At this point, I was wondering how in the world an orthopedist got interested in insulin. His only known exposure to it was in medical school, where Frederick Madison Allen of the Rockefeller Institute gave a lecture recommending that diabetics be placed on starvation died to minimize their metabolism. Onward....
Banting was asked to give a lecture about the pancreas to a class at the University of Western Ontario. While reading the medical literature to prepare for the talk, he found an article by Sharpey-Schafer and colleagues proposing that diabetes resulted from a lack of a protein hormone secreted by the islets of Langerhans in the pancreas that they called "insulin". The hormone was thought to regulate sugar metabolism, and a deficiency of it led to increased sugar in the blood stream that was eliminated through the urine. The problem was extracting insulin from the cells of ground up pancreas because they were destroyed by an enzyme (trypsin) in the preparation process.
The next advancement came from Moses Barron in 1920. He published an article about tying off the pancreatic duct (which joins the pancreas to the common bile duct which then drains into the duodenum), which caused the pancreatic tissue to die with the exception of the Langerhans cells. Banting hypothesized that the procedure destroyed the cells secreting the trypsin but did not affect the Langerhans cells. (It was later proven that there was no proteolytic enzyme in pancreatic juice – right experiment, wrong reason.) Macleod provided the lab, and Banting, Best and biochemist James Collip began producing insulin by tying the pancreatic duct of living dogs.

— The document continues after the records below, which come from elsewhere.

text \<open>If \<open>Z\<close> missed \<open>q\<close>, augmenting \<open>Z \<inter> cl(A \<union> {q})\<close> inside \<open>cl(A \<union> {q})\<close> would remove a point
  other than \<open>q\<close> and outside \<open>A\<close> from the closure while keeping it closed.\<close>
lemma root_mem_closed:
  assumes "insert q A \<subseteq> Q" "cl (insert q A) - {q} \<notin> closed" "Z \<in> closed" "A \<subseteq> Z"
  shows "q \<in> Z"
proof (rule ccontr)
  assume "q \<notin> Z"
  let ?T = "cl (insert q A)"
  have T: "?T \<in> closed" "insert q A \<subseteq> ?T" using cl_closed[OF assms(1)] cl_incr by auto
  then have "Z \<inter> ?T \<subset> ?T" using \<open>q \<notin> Z\<close> by auto
  then obtain x where x: "x \<in> ?T - Z" "?T - {x} \<in> closed"
    using closed_augment[OF closed_Int[OF assms(3) T(1)] T(1)] by blast
  then have "insert q A \<subseteq> ?T - {x}" using T assms(2,4) by auto
  then have "?T \<subseteq> ?T - {x}" using cl_least[OF x(2)] by simp
  then show False using x by auto
qed

lemma feasible_KR_crit: "feasible \<subseteq> KR Q crit"
proof
  fix Y assume Y: "Y \<in> feasible"
  have "accepts (A, q) Y" if "(A, q) \<in> crit" for A q
  proof -
    have "insert q A \<subseteq> Q" "cl (insert q A) - {q} \<notin> closed" using that crit_iff by auto
    then show ?thesis
      using root_mem_closed[OF _ _ complement_closed[OF Y]] unfolding accepts_def by auto
  qed
  then show "Y \<in> KR Q crit" using accessible_subset[OF Y] unfolding KR_def by auto
qed

text \<open>With \<open>A\<close> the points whose removal from \<open>Z - {x}\<close> stays closed, either \<open>cl(A \<union> {x}) = Z\<close> and
  \<open>(A, x)\<close> is critical, or augmentation removes from \<open>Z\<close> some \<open>y \<notin> A\<close>, and the smaller set
  \<open>Z - {y}\<close> satisfies the same hypotheses.\<close>
lemma critical_rule_within:
  assumes "Z \<in> closed" "x \<in> Z" "Z - {x} \<notin> closed"
  shows "\<exists>A. (A, x) \<in> crit \<and> A \<subseteq> Z - {x}"
  using assms
proof (induction "card Z" arbitrary: Z rule: less_induct)
  case less
  define A where "A = {s \<in> Z - {x}. Z - {x, s} \<in> closed}"
  have ZQ: "Z \<subseteq> Q" using closed_subset less.prems(1) .
  have xA: "insert x A \<subseteq> Z" using less.prems(2) by (auto simp: A_def)
  let ?E = "cl (insert x A)"
  have E: "?E \<in> closed" "insert x A \<subseteq> ?E" "?E \<subseteq> Z"
    using cl_closed[OF subset_trans[OF xA ZQ]] cl_incr cl_least[OF less.prems(1) xA] by auto
  show ?case
  proof (cases "?E = Z")
    case True
    then have "(A, x) \<in> crit"
      unfolding crit_iff using ZQ xA less.prems(3) by (auto simp: A_def)
    then show ?thesis by (auto simp: A_def)
  next
    case False
    then obtain y where y: "y \<in> Z - ?E" "Z - {y} \<in> closed"
      using closed_augment[OF E(1) less.prems(1)] E(3) by blast
    then have "y \<noteq> x" "y \<notin> A" using E(2) by auto
    then have "Z - {x, y} \<notin> closed" using y(1) by (auto simp: A_def)
    moreover have "Z - {y} - {x} = Z - {x, y}" by blast
    moreover have "card (Z - {y}) < card Z"
      using y(1) finite_subset[OF ZQ finite_Q] by (blast intro: card_Diff1_less)
    ultimately obtain A' where "(A', x) \<in> crit" "A' \<subseteq> Z - {y} - {x}"
      using less.hyps[of "Z - {y}"] y(2) \<open>y \<noteq> x\<close> less.prems(2) by auto
    then show ?thesis by blast
  qed
qed
lemma exists_touching_point_of_barrier:
  fixes u :: "'a::euclidean_space \<Rightarrow> real"
  assumes rho: "0 < \<rho>" "\<rho> < 1/10" and alpha: "0 \<le> \<alpha>" and T: "0 < T"
    and u_dini: "dini_loc (ball 0 (2 * \<rho>^2)) u"
    and u_lower: "\<forall>x\<in>ball 0 (1 + 2 * \<rho>^2). - barrier_excess \<alpha> \<rho> (norm x) \<le> u x"
    and x0: "x0 \<in> ball 0 (\<rho>^2)" "u x0 < T"
  shows "\<exists>xb. norm xb < 3/2 * \<rho>^2 \<and> u xb < 2 * T \<and>
    (\<forall>y\<in>cball 0 (19/10 * \<rho>^2). u xb - u y \<le> T * (norm y ^ 2 - norm xb ^ 2) / (\<rho>^2)^2)"
proof (rule exists_touching_point)
  define R where "R = 19/10 * \<rho>^2"
  have "0 < \<rho>^2" "\<rho>^2 \<le> \<rho> / 10" using rho by (auto simp: power2_eq_square)
  then have R: "\<rho>^2 \<le> R" "R \<le> \<rho>" "R < 2 * \<rho>^2" unfolding R_def by linarith+
  then have "cball 0 R \<subseteq> ball (0::'a) (2 * \<rho>^2)" by auto
  then obtain \<omega> where "dini_modulus \<omega>" "\<forall>y\<in>cball 0 R. \<forall>z\<in>cball 0 R. \<bar>u y - u z\<bar> \<le> \<omega> (dist y z)"
    using u_dini unfolding dini_loc_def by blast
  then show "continuous_on (cball 0 R) u" by (rule continuous_on_dini_modulus)
  show "\<forall>y\<in>cball 0 R. 0 \<le> u y"
  proof
    fix y :: 'a assume "y \<in> cball 0 R"
    then have y: "norm y \<le> \<rho>" using R by simp
    then have "norm y < 1 + 2 * \<rho>^2" using rho \<open>0 < \<rho>^2\<close> by linarith
    then have "- barrier_excess \<alpha> \<rho> (norm y) \<le> u y" using u_lower by simp
    moreover have "barrier_excess \<alpha> \<rho> (norm y) = 0" using y alpha by (intro barrier_excess_eq_0) auto
    ultimately show "0 \<le> u y" by simp
  qed
  show "0 < \<rho>^2" "\<rho>^2 \<le> R" by fact+
qed (use T x0 in auto)

text \<open>
  T > 0 is the assumed violation of the claimed lower bound and xb the point where the paraboloid
  u(xb) + T (|xb|^2 - |y|^2) / rho^4 touches u from below.
\<close>

locale touching_configuration =
  fixes lam Lam \<alpha> \<rho> T :: real
    and K :: "'a::euclidean_space \<Rightarrow> 'a \<Rightarrow> real" and u :: "'a \<Rightarrow> real" and xb :: 'a
  assumes lam: "0 < lam" "lam \<le> Lam"
    and alpha: "0 < \<alpha>" "\<alpha> \<le> 1/8"
    and rho: "0 < \<rho>" "10 \<le> - ln \<rho>"
    and T: "0 < T" "T \<le> \<alpha> * ell \<rho> powr \<alpha>"
    and K_bounds: "\<forall>z\<in>ball 0 1. lam \<le> K xb z \<and> K xb z \<le> Lam"
    and u_integrable: "set_integrable lebesgue (ball 0 (1 + 2 * \<rho>^2)) u"
    and u_lower: "\<forall>x\<in>ball 0 (1 + 2 * \<rho>^2). - barrier_excess \<alpha> \<rho> (norm x) \<le> u x"
    and xb: "norm xb < 3/2 * \<rho>^2" "u xb < 2 * T"
    and touching: "\<forall>y\<in>cball 0 (19/10 * \<rho>^2). u xb - u y \<le> T * (norm y ^ 2 - norm xb ^ 2) / (\<rho>^2)^2"
begin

The procedure was successful but produced inadequate quantities of insulin. Banting then used the pancreas of fetal calves obtained from a slaughterhouse. Their insulin proved to be just as potent as the dog insulin, and insulin from pork and beef were the primary sources of insulin until it was genetically engineered in the late 1900s. Many other researchers worldwide were also studying the Langerhans cells and insulin and there is controversy over who really discovered it first; some claim that it was French physiologist Eugène Gley and Rumanian physician Nicolae Constantin Paulsecu.
The first injection of insulin was given to a 14-year-old boy at Toronto General Hospital, albeit unsuccessful; repeated injections were needed to control the boy's diabetes. Banting established a private practice in Toronto to treat patients with diabetes. He and Macleod split the Nobel Prize money – Banting gave half of his award to Best and Macleod gave half of his award to Collip.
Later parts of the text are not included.